The first complaint I have is that the panes don’t always work. I had to restart the app because the file navigator pane wouldn’t display. Granted, I could have opened the file just by going through the regular menu, but that defeats the point of the feature. Little glitches like that aren’t incredibly numerous, but they do happen.
Secondly, the Markdown preview pane doesn’t scroll with the text. It always displays the beginning of the article, but you have to manually scroll down to keep up with any later changes you’ve made. As soon as you begin typing again, your preview often jumps back up to the beginning of the article, again making it a moot point. But this is a bug — not a feature.
Finally, there are a couple things that I wish were actual features. For example, I prefer OS X to check my spelling as I type. That helps me edit on the fly, and it keeps me from making really foolish mistakes. I have to select this setting every time I open or create a new file; I can’t make it a default. (By default, spelling will only be checked when I tell Lightpaper to check it.) I also wish that the keyboard shortcuts were a little easier. I don’t know if I’m used to the way those other apps do it, but every shortcut in Lightpaper feels like it takes one too many keys compared to the competition.
There’s also a Distraction Free mode that bears some mentioning. It doesn’t work quite as well as it does with other popular text editing software, and is a little buggy as well. When it does work, it works as you would expect for the most part. While I’m writing right now, every other paragraph is greyed out and I’m left only to focus on my current words. However, Markdown syntax highlighting is turned off in Distraction Free Mode, and the red lines signifying a spelling error remain as visible as ever when in Distraction Free mode — so text is almost invisible, but spelling mistakes are clear as day.

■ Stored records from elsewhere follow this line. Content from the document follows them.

lemma sum_click_density_le:
  assumes "0 \<le> y" "y \<le> 1" "0 \<le> z" "z \<le> 1" "unit_vec2 \<psi>" "finite F"
  shows "sum (click_density (U_op y z (embed_vac3 \<psi>))) F \<le> 1 - (1 - y) * (1 - z)"
proof -
  let ?h = "click_density (U_op y z (embed_vac3 \<psi>))"
  define A where "A = {m\<in>F. fst m \<noteq> 0 \<and> snd m = (0,0)}"
  have inj: "inj_on fst A" unfolding A_def by (auto simp: inj_on_def prod_eq_iff)
  have "sum ?h F = sum ?h A"
    unfolding A_def by (rule sum.mono_neutral_right) (auto simp: assms(6) click_density_def)
  also have "\<dots> = (\<Sum>a\<in>fst ` A. (cmod (U_op y z (embed_vac3 \<psi>) (a,0,0)))\<^sup>2)"
    by (subst sum.reindex[OF inj]) (auto simp: A_def click_density_def intro!: sum.cong)
  also have "\<dots> \<le> 1 - (1 - y) * (1 - z)"
    using assms by (intro sum_norm_U_op_first_mode_sq_le) (auto simp: A_def)
  finally show ?thesis .
qed

lemma infsum_click_density_le:
  assumes "0 \<le> y" "y \<le> 1" "0 \<le> z" "z \<le> 1" "unit_vec2 \<psi>"
  shows "infsum (click_density (U_op y z (embed_vac3 \<psi>))) UNIV \<le> 1 - (1 - y) * (1 - z)"
proof (rule infsum_le_finite_sums)
  show "click_density (U_op y z (embed_vac3 \<psi>)) summable_on UNIV"
    using sum_click_density_le[OF assms]
    by (intro nonneg_bdd_above_summable_on bdd_aboveI) (auto simp: click_density_def)
qed (use sum_click_density_le[OF assms] in auto)

lemma infsum_prob_weighted_le:
  fixes p Q :: "'a \<Rightarrow> real"
  assumes "\<And>i. 0 \<le> p i" "(p has_sum 1) UNIV" "\<And>i. Q i \<le> s" "0 \<le> s"
  shows "infsum (\<lambda>i. p i * Q i) UNIV \<le> s"
proof (cases "(\<lambda>i. p i * Q i) summable_on UNIV")
  case True
  have ps: "((\<lambda>i. p i * s) has_sum s) UNIV"
    using has_sum_cmult_left[OF assms(2), of s] by simp
  have "infsum (\<lambda>i. p i * Q i) UNIV \<le> infsum (\<lambda>i. p i * s) UNIV"
    using True ps assms(1,3) by (intro infsum_mono) (auto intro: mult_left_mono simp: summable_on_def)
  also have "\<dots> = s" using ps by (rule infsumI)
  finally show ?thesis .
qed (simp add: infsum_not_exists assms(4))

lemma click_prob_le:
  assumes "0 \<le> y" "y \<le> 1" "0 \<le> z" "z \<le> 1" "is_density p \<psi>"
  shows "Re (click_prob y z p \<psi>) \<le> 1 - (1 - y) * (1 - z)"
  unfolding click_prob_eq Re_complex_of_real
proof (rule infsum_prob_weighted_le)
  show "0 \<le> 1 - (1 - y) * (1 - z)" using assms(1-4) by (simp add: mult_le_one)
qed (use assms(5) infsum_click_density_le[OF assms(1-4)] in \<open>auto simp: is_density_def\<close>)

lemma click_bound_pos:
  fixes y z :: real
  assumes "0 \<le> y" "y \<le> 1" "0 < z" "z \<le> 1"
  shows "0 < 1 - (1 - y) * (1 - z)"
proof -
  have "(1 - y) * (1 - z) \<le> 1 - z" using assms by (intro mult_left_le_one_le) auto
  then show ?thesis using assms(3) by linarith
qed

lemma U_op_phi_state_first_mode:
  assumes "0 \<le> y" "y \<le> 1" "0 < z" "z \<le> 1"
  shows "U_op y z (embed_vac3 (phi_state y z)) (a,0,0) =
    (if a = 1 then of_real (sqrt (1 - (1 - y) * (1 - z))) else 0)"
proof (cases "a = 1")
  case True
  define s where "s = 1 - (1 - y) * (1 - z)"
  have s: "0 < s" unfolding s_def using assms by (rule click_bound_pos)
  have "click_amp y z 1 0 * sqrt (y * (1 - z) / s) + click_amp y z 1 1 * sqrt (z / s) =
      (y * (1 - z) + z) / sqrt s"
    using assms s
    by (simp add: click_amp_def real_sqrt_divide real_sqrt_mult add_divide_distrib)
       (simp add: mult_ac flip: real_sqrt_mult)
  also have "\<dots> = sqrt s"
    using s by (simp add: s_def algebra_simps real_div_sqrt)
  finally show ?thesis
    using True unfolding U_op_embed_vac3_first_mode
    by (simp add: phi_state_def s_def flip: of_real_mult of_real_add)
qed (auto simp: U_op_embed_vac3_first_mode phi_state_def intro!: sum.neutral)

lemma infsum_click_density_phi_state:
  assumes "0 \<le> y" "y \<le> 1" "0 < z" "z \<le> 1"
  shows "infsum (click_density (U_op y z (embed_vac3 (phi_state y z)))) UNIV = 1 - (1 - y) * (1 - z)"
proof (rule infsumI, rule has_sum_finite_neutralI)
  show "\<And>m. m \<in> UNIV - {(1,0,0)} \<Longrightarrow> click_density (U_op y z (embed_vac3 (phi_state y z))) m = 0"
    by (auto simp: click_density_def U_op_phi_state_first_mode[OF assms] prod_eq_iff)
  show "1 - (1 - y) * (1 - z) = (\<Sum>m\<in>{(1,0,0)}. click_density (U_op y z (embed_vac3 (phi_state y z))) m)"
    using click_bound_pos[OF assms] by (simp add: click_density_def U_op_phi_state_first_mode[OF assms])
qed auto

lemma is_density_phi_state:
  assumes "0 \<le> y" "y \<le> 1" "0 < z" "z \<le> 1"
  shows "is_density (\<lambda>i. if i = 0 then 1 else 0) (\<lambda>_. phi_state y z)"
proof -
  define s where "s = 1 - (1 - y) * (1 - z)"
  have s: "0 < s" unfolding s_def using assms by (rule click_bound_pos)
  have "((\<lambda>i::nat. if i = 0 then 1 else 0::real) has_sum 1) UNIV"
    by (rule has_sum_finite_neutralI[of "{0}"]) auto
  moreover have "((\<lambda>k. (cmod (phi_state y z k))\<^sup>2) has_sum 1) UNIV"
  proof (rule has_sum_finite_neutralI[of "{(1,0), (0,1)}"])
    have "z + y * (1 - z) = s" by (simp add: s_def algebra_simps)
    then have "z / s + y * (1 - z) / s = 1"
      using s by (simp flip: add_divide_distrib)
    then show "1 = (\<Sum>k\<in>{(1,0), (0,1)}. (cmod (phi_state y z k))\<^sup>2)"
      using assms s by (simp add: phi_state_def s_def)
  qed (auto simp: phi_state_def)
  ultimately show ?thesis by (simp add: is_density_def unit_vec2_def)
qed

lemma click_prob_phi_state:
  assumes "0 \<le> y" "y \<le> 1" "0 < z" "z \<le> 1"
  shows "click_prob y z (\<lambda>i. if i = 0 then 1 else 0) (\<lambda>_. phi_state y z) =
    of_real (1 - (1 - y) * (1 - z))"
proof -
  have "((\<lambda>i::nat. (if i = 0 then 1 else 0) * (1 - (1 - y) * (1 - z))) has_sum (1 - (1 - y) * (1 - z))) UNIV"
    by (rule has_sum_finite_neutralI[of "{0}"]) auto
  then show ?thesis
    unfolding click_prob_eq infsum_click_density_phi_state[OF assms] by (simp add: infsumI)
qed

lemma Sup_click_prob:
  assumes "0 \<le> y" "y \<le> 1" "0 < z" "z \<le> 1"
  shows "Sup {Re (click_prob y z p \<psi>) | p \<psi>. is_density p \<psi>} = 1 - (1 - y) * (1 - z)"
proof (rule cSup_eq_maximum)
  show "1 - (1 - y) * (1 - z) \<in> {Re (click_prob y z p \<psi>) | p \<psi>. is_density p \<psi>}"
    using is_density_phi_state[OF assms] click_prob_phi_state[OF assms] by force
qed (use click_prob_le assms in auto)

Again, to make it clear, these are growing pains for Lightpaper. They’re part and parcel of a beta app. The real questions should be about the overall writing experience. While Lightpaper might be flawed, it’s also bringing something new to the table. It looks similar to some coding apps I’ve seen, and it just feels good. The typeface is a little robotic (not surprising, considering its Android legacy), but at the same time, it feels friendly. While I’m not sure I’d want to write the next American novel in Lightpaper’s interface, it’s perfect for web writing.
Lightpaper is buggy. If this was a bug-free product that did everything naturally without any setup from me, I think it’d be as close to perfect as any Markdown text editor could ever be. That being said, it’s not there yet. It’s not ready for prime time. But for those of us who are early adopters, it’s worth checking out.
Something about the writing experience in Lightpaper makes it easier for me to focus. It’s not the Distraction Free Mode, and it’s not the Full Screen view. In truth, I barely use either of those because they largely feel like gimmicks. But the app does feel fresh. While using it for the past couple days, my writing productivity has skyrocketed by about 200%. If this weren’t a free beta, I’d pay good money for that kind of improvement. And while I’m not sure if I can blame it on my morning coffee recently or on this app, I will say Lightpaper is more than worth trying.